Entosis is a recently discovered process of live cell engulfment in which one epithelial cell is completely internalised by another, forming a 'cell-in-cell' structure. The majority of engulfed cells are killed and digested by their host, in an unusual form of cellular cannibalism. Entosis is commonly observed in human tumours and entotic cell killing represents a novel mode of tumour suppression. Although cell-in-cell structures have been noted by pathologists for decades, the molecular and cellular mechanisms that drive entosis remain poorly understood. Further study of this emerging topic will advance our understanding of both cell and cancer biology.
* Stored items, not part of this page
(* Let $u\in\mathbb R$, $\vartheta_1\in[0,\pi/2]$, $\varphi_1\in\mathbb R$, and put $x=\cos\vartheta_1\cosh(u+i\varphi_1)$. If $\lambda\in\mathbb C$ satisfies $\cosh\sqrt{\lambda+u^2}-x=0$, then $\operatorname{Re}\lambda\le0$.
   Context: $\cosh\sqrt{\zeta}$ denotes the entire function $\sum_{m\ge0}\zeta^m/(2m)!$ of $\zeta\in\mathbb C$ (independent of the choice of square root). *)

theory Defs
  imports "HOL-Analysis.Analysis"
begin

text \<open>cosh sqrt z as the entire function sum_{m>=0} z^m/(2m)!.\<close>
definition cosh_sqrt :: "complex \<Rightarrow> complex" where
  "cosh_sqrt z = (\<Sum>m. z ^ m / of_nat (fact (2 * m)))"

end

theory Submission
  imports Defs
begin

text \<open>The points \<open>cosh w\<close> with fixed \<open>Re w = a\<close> form the ellipse with foci \<open>\<plusminus>1\<close> whose focal
  distances sum to \<open>2 cosh a\<close>. With \<open>w\<^sup>2 = \<lambda> + u\<^sup>2\<close>, the hypothesis says that \<open>cosh w\<close> is the point
  \<open>cosh (u + i\<phi>\<^sub>1)\<close> of the ellipse of parameter \<open>u\<close> shrunk towards the centre by \<open>cos \<vartheta>\<^sub>1 \<in> [0,1]\<close>.
  Since the focal-distance sum is convex and minimal at the centre, shrinking does not increase it,
  so \<open>cosh (Re w) \<le> cosh u\<close>, i.e. \<open>(Re w)\<^sup>2 \<le> u\<^sup>2\<close>, and then
  \<open>Re \<lambda> = (Re w)\<^sup>2 - (Im w)\<^sup>2 - u\<^sup>2 \<le> 0\<close>.\<close>

lemma cosh_sqrt_power2: "cosh_sqrt (w\<^sup>2) = cosh w"
proof -
  have "(\<lambda>n. if even n then w ^ n /\<^sub>R fact n else 0) sums cosh w"
    by (rule cosh_converges)
  also have "?this \<longleftrightarrow> (\<lambda>n. if even (2*n) then w ^ (2*n) /\<^sub>R fact (2*n) else 0) sums cosh w"
    by (subst sums_mono_reindex[of "\<lambda>n. 2*n", symmetric])
       (auto simp: strict_mono_def elim!: evenE)
  finally have "(\<lambda>n. (w\<^sup>2) ^ n / of_nat (fact (2*n))) sums cosh w"
    by (simp add: power_mult[symmetric] scaleR_conv_of_real field_simps mult.commute)
  then show ?thesis
    unfolding cosh_sqrt_def by (simp add: sums_iff)
qed

lemma Re_cosh_complex: "Re (cosh z) = cosh (Re z) * cos (Im z)"
  by (simp add: cosh_conv_cos Re_cos cosh_def)

lemma Im_cosh_complex: "Im (cosh z) = sinh (Re z) * sin (Im z)"
  by (simp add: cosh_conv_cos Im_cos sinh_def field_simps)

lemma norm_cosh_minus_one: "cmod (cosh z - 1) = cosh (Re z) - cos (Im z)"
proof -
  have "(cmod (cosh z - 1))\<^sup>2 = (cosh (Re z) * cos (Im z) - 1)\<^sup>2 + (sinh (Re z))\<^sup>2 * (sin (Im z))\<^sup>2"
    by (simp add: cmod_power2 Re_cosh_complex Im_cosh_complex power_mult_distrib)
  also have "\<dots> = (cosh (Re z) - cos (Im z))\<^sup>2"
    unfolding sinh_square_eq sin_squared_eq by (simp add: algebra_simps power2_eq_square)
  finally show ?thesis
    using cos_le_one[of "Im z"] cosh_real_ge_1[of "Re z"] by (simp add: power2_eq_iff_nonneg)
qed

lemma norm_cosh_plus_one: "cmod (cosh z + 1) = cosh (Re z) + cos (Im z)"
proof -
  have "(cmod (cosh z + 1))\<^sup>2 = (cosh (Re z) * cos (Im z) + 1)\<^sup>2 + (sinh (Re z))\<^sup>2 * (sin (Im z))\<^sup>2"
    by (simp add: cmod_power2 Re_cosh_complex Im_cosh_complex power_mult_distrib)
  also have "\<dots> = (cosh (Re z) + cos (Im z))\<^sup>2"
    unfolding sinh_square_eq sin_squared_eq by (simp add: algebra_simps power2_eq_square)
  finally show ?thesis
    using cos_ge_minus_one[of "Im z"] cosh_real_ge_1[of "Re z"] by (simp add: power2_eq_iff_nonneg)
qed

lemma focal_sum_norm_cosh: "cmod (cosh z - 1) + cmod (cosh z + 1) = 2 * cosh (Re z)"
  by (simp add: norm_cosh_minus_one norm_cosh_plus_one)

text \<open>The sum of the distances to two foci \<open>\<plusminus>e\<close> is convex and at least \<open>2 \<parallel>e\<parallel>\<close>, its value at the
  centre.\<close>
lemma focal_sum_scaleR_le:
  fixes p e :: "'a::real_normed_vector" and c :: real
  assumes "0 \<le> c" "c \<le> 1"
  shows "norm (c *\<^sub>R p - e) + norm (c *\<^sub>R p + e) \<le> norm (p - e) + norm (p + e)"
proof -
  have "norm (c *\<^sub>R p - e) = norm (c *\<^sub>R (p - e) - (1 - c) *\<^sub>R e)"
    by (simp add: algebra_simps)
  also have "\<dots> \<le> c * norm (p - e) + (1 - c) * norm e"
    using norm_triangle_ineq4[of "c *\<^sub>R (p - e)" "(1 - c) *\<^sub>R e"] assms by simp
  finally have minus: "norm (c *\<^sub>R p - e) \<le> c * norm (p - e) + (1 - c) * norm e" .
  have "norm (c *\<^sub>R p + e) = norm (c *\<^sub>R (p + e) + (1 - c) *\<^sub>R e)"
    by (simp add: algebra_simps)
  also have "\<dots> \<le> c * norm (p + e) + (1 - c) * norm e"
    using norm_triangle_ineq[of "c *\<^sub>R (p + e)" "(1 - c) *\<^sub>R e"] assms by simp
  finally have plus: "norm (c *\<^sub>R p + e) \<le> c * norm (p + e) + (1 - c) * norm e" .
  have "2 * norm e = norm ((p + e) - (p - e))"
    by (simp flip: scaleR_2)
  also have "\<dots> \<le> norm (p - e) + norm (p + e)"
    using norm_triangle_ineq4[of "p + e" "p - e"] by simp
  finally have "(1 - c) * (2 * norm e) \<le> (1 - c) * (norm (p - e) + norm (p + e))"
    using assms by (intro mult_left_mono) auto
  with minus plus show ?thesis
    by (simp add: algebra_simps)
qed

lemma abs_Re_le_if_cosh_eq_scaled_cosh:
  fixes w z :: complex and c :: real
  assumes "0 \<le> c" "c \<le> 1" and "cosh w = of_real c * cosh z"
  shows "\<bar>Re w\<bar> \<le> \<bar>Re z\<bar>"
proof -
  have "2 * cosh (Re w) = cmod (c *\<^sub>R cosh z - 1) + cmod (c *\<^sub>R cosh z + 1)"
    unfolding focal_sum_norm_cosh[symmetric] assms(3) scaleR_conv_of_real ..
  also have "\<dots> \<le> cmod (cosh z - 1) + cmod (cosh z + 1)"
    using assms(1,2) by (rule focal_sum_scaleR_le)
  also have "\<dots> = 2 * cosh (Re z)"
    by (rule focal_sum_norm_cosh)
  finally have "cosh \<bar>Re w\<bar> \<le> cosh \<bar>Re z\<bar>"
    by (simp only: cosh_real_abs)
  then show ?thesis
    using cosh_real_nonneg_le_iff abs_ge_zero by blast
qed

theorem lemma4p44:
  fixes u th1 ph1 :: real and lam :: complex
  assumes "0 \<le> th1" and "th1 \<le> pi / 2"
    and "cosh_sqrt (lam + complex_of_real (u\<^sup>2)) - complex_of_real (cos th1) * cosh (complex_of_real u + \<i> * complex_of_real ph1) = 0"
  shows "Re lam \<le> 0"
proof -
  define w where "w = csqrt (lam + complex_of_real (u\<^sup>2))"
  have w2: "w\<^sup>2 = lam + complex_of_real (u\<^sup>2)"
    unfolding w_def by simp
  have cosh_w: "cosh w = complex_of_real (cos th1) * cosh (complex_of_real u + \<i> * complex_of_real ph1)"
    using assms(3) unfolding w2[symmetric] cosh_sqrt_power2 by simp
  have "0 \<le> cos th1"
    using assms(1,2) by (auto intro: cos_ge_zero)
  then have "\<bar>Re w\<bar> \<le> \<bar>Re (of_real u + \<i> * of_real ph1)\<bar>"
    using cos_le_one cosh_w by (rule abs_Re_le_if_cosh_eq_scaled_cosh)
  then have "(Re w)\<^sup>2 \<le> u\<^sup>2"
    by (simp add: abs_le_square_iff)
  moreover have "Re lam = (Re w)\<^sup>2 - (Im w)\<^sup>2 - u\<^sup>2"
    using arg_cong[OF w2, of Re] by (simp add: power2_eq_square)
  ultimately show ?thesis
    using zero_le_power2[of "Im w"] by linarith
qed

end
Entosis typically occurs under conditions of matrix detachment. However, I have discovered that mitosis can drive entosis in adherent cells (unpublished). The potential significance of this observation to cancer is striking, given the highly proliferative nature of cells within a tumour. Entotic cell killing may provide a means to limit inappropriately dividing cells. In the proposed work, we will pursue this novel finding by studying the:
1) Molecular mechanisms that promote mitosis-induced entosis
2) Biophysical changes which accompany mitosis to induce entosis (multidisciplinary, international collaboration)
3) Occurrence and significance of mitosis-induced entosis in human cancer
4) Relevance of entosis to anti-mitotic cancer therapies
The host lab is one of a few groups globally with experience in studying entosis and the Babraham Institute provides a rich research environment, with state of the art equipment. I will bring my key preliminary data and >10 years experience in biochemical/cell biological studies to aid this work and transfer knowledge to my host. We will also work collaboratively with Dr Michael Overholtzer (USA), who discovered entosis. By combining our expertise, we will gain valuable insight into the intriguing process of mitosis-induced entosis and its role in cancer.